Top of Data in this exercise

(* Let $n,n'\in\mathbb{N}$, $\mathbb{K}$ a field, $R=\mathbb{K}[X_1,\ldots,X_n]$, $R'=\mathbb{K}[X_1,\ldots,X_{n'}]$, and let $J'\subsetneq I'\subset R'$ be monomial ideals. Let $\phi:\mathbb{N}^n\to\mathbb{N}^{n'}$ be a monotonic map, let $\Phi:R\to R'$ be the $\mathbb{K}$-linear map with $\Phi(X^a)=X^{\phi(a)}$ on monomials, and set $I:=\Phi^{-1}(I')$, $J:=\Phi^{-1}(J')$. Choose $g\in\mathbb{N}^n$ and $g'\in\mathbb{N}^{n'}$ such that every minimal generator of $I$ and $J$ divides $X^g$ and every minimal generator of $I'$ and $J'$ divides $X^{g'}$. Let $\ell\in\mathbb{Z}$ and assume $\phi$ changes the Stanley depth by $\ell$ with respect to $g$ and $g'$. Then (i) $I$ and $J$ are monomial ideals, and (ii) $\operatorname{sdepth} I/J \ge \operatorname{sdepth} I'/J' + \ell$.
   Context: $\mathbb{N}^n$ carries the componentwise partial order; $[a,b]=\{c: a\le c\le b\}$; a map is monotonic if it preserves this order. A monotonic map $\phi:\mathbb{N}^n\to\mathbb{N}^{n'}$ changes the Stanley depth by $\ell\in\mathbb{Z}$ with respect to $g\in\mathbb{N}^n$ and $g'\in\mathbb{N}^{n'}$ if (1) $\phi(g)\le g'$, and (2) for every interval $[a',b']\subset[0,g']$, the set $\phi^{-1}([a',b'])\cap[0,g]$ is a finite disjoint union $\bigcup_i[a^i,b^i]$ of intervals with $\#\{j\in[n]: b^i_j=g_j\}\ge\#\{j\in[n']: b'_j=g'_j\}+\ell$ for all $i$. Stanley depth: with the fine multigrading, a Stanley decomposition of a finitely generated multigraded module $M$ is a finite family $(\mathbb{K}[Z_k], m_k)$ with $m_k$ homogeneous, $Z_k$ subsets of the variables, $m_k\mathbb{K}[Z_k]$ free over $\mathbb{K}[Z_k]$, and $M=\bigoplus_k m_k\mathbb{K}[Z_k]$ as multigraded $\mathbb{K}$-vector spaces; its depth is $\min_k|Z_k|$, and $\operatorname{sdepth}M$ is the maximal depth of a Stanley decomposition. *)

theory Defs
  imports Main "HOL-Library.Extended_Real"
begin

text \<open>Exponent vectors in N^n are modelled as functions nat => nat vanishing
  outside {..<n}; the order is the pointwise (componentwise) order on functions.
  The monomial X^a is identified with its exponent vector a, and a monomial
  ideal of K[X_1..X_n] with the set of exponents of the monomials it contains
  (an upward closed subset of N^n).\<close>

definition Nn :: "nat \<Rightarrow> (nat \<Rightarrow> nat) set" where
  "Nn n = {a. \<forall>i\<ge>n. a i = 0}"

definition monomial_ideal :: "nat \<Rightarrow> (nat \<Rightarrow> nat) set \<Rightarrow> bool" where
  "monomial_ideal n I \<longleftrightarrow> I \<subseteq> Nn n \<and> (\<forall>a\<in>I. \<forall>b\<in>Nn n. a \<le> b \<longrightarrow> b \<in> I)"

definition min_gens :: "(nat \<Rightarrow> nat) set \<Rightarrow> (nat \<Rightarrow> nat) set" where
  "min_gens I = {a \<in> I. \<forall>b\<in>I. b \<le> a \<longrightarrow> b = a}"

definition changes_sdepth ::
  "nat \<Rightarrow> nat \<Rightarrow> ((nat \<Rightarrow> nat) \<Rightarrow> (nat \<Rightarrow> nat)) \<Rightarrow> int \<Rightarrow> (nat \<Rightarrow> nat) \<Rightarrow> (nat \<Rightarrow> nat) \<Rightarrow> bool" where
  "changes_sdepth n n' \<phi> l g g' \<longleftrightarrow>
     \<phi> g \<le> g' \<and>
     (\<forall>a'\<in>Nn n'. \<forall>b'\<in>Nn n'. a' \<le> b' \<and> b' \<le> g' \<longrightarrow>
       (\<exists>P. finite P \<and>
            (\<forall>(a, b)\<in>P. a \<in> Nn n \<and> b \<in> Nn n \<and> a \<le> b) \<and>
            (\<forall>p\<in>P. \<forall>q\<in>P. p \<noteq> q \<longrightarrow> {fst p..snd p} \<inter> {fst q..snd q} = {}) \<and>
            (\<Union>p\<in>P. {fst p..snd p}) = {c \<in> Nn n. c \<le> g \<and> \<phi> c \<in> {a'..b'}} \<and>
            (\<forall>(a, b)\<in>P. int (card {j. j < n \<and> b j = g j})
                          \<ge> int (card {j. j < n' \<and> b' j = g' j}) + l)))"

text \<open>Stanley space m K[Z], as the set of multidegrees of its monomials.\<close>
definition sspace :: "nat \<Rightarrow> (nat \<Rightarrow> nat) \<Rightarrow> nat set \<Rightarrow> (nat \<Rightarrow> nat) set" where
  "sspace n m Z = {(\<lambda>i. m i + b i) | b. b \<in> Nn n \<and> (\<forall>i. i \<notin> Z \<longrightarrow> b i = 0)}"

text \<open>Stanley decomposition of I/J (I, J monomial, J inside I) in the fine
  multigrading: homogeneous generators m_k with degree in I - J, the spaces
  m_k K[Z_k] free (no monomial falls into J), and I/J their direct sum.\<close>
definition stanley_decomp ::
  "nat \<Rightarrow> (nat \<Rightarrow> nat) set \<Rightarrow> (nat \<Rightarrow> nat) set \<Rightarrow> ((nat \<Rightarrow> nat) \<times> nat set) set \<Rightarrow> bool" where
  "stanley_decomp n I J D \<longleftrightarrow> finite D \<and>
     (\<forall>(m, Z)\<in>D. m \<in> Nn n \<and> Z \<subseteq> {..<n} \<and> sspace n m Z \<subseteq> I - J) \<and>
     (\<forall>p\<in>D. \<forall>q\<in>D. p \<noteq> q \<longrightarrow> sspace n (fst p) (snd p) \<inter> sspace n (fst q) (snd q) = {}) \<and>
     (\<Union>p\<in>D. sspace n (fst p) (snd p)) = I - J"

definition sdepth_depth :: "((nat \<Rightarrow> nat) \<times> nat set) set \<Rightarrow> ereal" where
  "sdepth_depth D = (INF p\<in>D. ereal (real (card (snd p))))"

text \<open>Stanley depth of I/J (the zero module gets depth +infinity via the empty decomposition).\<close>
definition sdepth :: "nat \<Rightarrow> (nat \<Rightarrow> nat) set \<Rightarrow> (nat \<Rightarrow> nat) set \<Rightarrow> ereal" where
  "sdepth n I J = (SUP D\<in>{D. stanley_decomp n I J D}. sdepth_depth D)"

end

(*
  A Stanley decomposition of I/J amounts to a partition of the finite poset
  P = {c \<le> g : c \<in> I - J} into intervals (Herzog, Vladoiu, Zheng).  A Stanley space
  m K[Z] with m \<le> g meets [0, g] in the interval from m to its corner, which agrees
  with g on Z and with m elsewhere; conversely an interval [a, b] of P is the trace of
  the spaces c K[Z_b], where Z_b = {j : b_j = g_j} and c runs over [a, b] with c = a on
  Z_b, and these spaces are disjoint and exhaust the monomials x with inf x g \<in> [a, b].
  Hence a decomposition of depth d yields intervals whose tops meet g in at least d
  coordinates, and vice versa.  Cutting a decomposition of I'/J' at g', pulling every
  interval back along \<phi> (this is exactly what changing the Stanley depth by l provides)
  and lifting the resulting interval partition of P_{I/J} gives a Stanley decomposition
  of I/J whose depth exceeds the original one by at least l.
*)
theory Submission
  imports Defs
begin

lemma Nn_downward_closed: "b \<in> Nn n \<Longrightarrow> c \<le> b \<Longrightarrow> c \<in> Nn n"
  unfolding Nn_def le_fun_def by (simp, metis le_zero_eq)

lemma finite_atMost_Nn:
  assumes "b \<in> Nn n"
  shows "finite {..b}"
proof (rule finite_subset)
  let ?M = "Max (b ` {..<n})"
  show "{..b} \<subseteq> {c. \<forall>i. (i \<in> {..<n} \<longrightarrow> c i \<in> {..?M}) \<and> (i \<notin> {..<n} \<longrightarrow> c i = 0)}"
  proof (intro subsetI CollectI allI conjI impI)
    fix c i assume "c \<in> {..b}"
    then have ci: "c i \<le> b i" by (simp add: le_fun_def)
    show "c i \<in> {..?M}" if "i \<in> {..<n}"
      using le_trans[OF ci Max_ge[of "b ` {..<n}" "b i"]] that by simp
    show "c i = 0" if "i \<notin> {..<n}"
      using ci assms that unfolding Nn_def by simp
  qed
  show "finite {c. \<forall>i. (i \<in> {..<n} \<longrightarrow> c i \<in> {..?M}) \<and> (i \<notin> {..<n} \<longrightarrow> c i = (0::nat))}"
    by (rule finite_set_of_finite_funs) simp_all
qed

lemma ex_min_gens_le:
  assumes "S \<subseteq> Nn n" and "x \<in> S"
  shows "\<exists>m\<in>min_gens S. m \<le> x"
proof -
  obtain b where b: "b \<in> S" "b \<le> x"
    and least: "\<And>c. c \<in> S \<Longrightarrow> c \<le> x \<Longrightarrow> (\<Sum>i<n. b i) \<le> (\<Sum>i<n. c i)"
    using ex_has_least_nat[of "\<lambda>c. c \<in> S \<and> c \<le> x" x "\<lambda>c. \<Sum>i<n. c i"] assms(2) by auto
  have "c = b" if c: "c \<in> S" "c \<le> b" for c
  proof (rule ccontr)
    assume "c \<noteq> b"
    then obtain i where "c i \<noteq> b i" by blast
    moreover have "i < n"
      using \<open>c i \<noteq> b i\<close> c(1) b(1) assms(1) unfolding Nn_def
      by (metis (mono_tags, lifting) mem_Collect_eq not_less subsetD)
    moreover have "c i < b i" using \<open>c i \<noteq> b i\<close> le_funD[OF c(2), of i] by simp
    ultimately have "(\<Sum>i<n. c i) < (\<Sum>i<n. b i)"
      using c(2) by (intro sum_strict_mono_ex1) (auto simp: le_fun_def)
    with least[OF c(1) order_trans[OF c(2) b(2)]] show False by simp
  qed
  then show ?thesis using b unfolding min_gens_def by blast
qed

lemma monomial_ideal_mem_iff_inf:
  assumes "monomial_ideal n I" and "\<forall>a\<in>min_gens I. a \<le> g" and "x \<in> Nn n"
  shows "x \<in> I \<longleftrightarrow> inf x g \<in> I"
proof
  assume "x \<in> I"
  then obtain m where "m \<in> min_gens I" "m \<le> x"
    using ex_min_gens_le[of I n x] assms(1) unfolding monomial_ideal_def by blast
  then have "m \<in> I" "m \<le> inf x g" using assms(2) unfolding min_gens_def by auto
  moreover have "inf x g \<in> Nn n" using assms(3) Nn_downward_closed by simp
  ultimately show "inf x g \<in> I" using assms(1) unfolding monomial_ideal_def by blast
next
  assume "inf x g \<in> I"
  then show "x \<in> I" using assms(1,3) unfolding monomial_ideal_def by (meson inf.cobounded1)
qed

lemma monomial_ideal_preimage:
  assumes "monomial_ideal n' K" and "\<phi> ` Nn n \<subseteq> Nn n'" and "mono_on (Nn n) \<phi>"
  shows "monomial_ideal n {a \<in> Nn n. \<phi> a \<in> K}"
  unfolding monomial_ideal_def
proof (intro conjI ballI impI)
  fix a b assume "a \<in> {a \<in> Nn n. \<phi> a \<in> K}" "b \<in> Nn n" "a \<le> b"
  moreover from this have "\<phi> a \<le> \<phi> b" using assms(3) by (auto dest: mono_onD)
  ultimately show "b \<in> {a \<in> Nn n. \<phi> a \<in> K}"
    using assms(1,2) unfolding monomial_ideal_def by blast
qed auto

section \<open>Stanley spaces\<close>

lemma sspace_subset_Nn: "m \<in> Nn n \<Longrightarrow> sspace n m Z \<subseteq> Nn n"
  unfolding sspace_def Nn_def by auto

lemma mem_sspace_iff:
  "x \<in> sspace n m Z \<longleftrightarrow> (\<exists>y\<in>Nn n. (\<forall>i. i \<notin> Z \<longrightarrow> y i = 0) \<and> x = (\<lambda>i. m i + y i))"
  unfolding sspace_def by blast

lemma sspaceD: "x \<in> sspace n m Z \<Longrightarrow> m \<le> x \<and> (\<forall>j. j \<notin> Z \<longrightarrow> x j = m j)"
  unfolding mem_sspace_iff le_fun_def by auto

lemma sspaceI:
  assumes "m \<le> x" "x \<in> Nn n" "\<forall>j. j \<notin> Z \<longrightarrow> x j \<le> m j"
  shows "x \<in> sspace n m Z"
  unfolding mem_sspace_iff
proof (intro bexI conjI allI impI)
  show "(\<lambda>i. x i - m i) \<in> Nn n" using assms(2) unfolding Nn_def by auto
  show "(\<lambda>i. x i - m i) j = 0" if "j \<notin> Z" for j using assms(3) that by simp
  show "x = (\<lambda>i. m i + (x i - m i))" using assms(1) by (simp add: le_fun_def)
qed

Bottom of Data in this exercise

What needs to be done
Retype, in the same exact form, the lines of the material above from the line holding "of i] by simp" through the line holding "Nn_downward_closed by simp".

Written answer
    moreover have "c i < b i" using \<open>c i \<noteq> b i\<close> le_funD[OF c(2), of i] by simp
    ultimately have "(\<Sum>i<n. c i) < (\<Sum>i<n. b i)"
      using c(2) by (intro sum_strict_mono_ex1) (auto simp: le_fun_def)
    with least[OF c(1) order_trans[OF c(2) b(2)]] show False by simp
  qed
  then show ?thesis using b unfolding min_gens_def by blast
qed

lemma monomial_ideal_mem_iff_inf:
  assumes "monomial_ideal n I" and "\<forall>a\<in>min_gens I. a \<le> g" and "x \<in> Nn n"
  shows "x \<in> I \<longleftrightarrow> inf x g \<in> I"
proof
  assume "x \<in> I"
  then obtain m where "m \<in> min_gens I" "m \<le> x"
    using ex_min_gens_le[of I n x] assms(1) unfolding monomial_ideal_def by blast
  then have "m \<in> I" "m \<le> inf x g" using assms(2) unfolding min_gens_def by auto
  moreover have "inf x g \<in> Nn n" using assms(3) Nn_downward_closed by simp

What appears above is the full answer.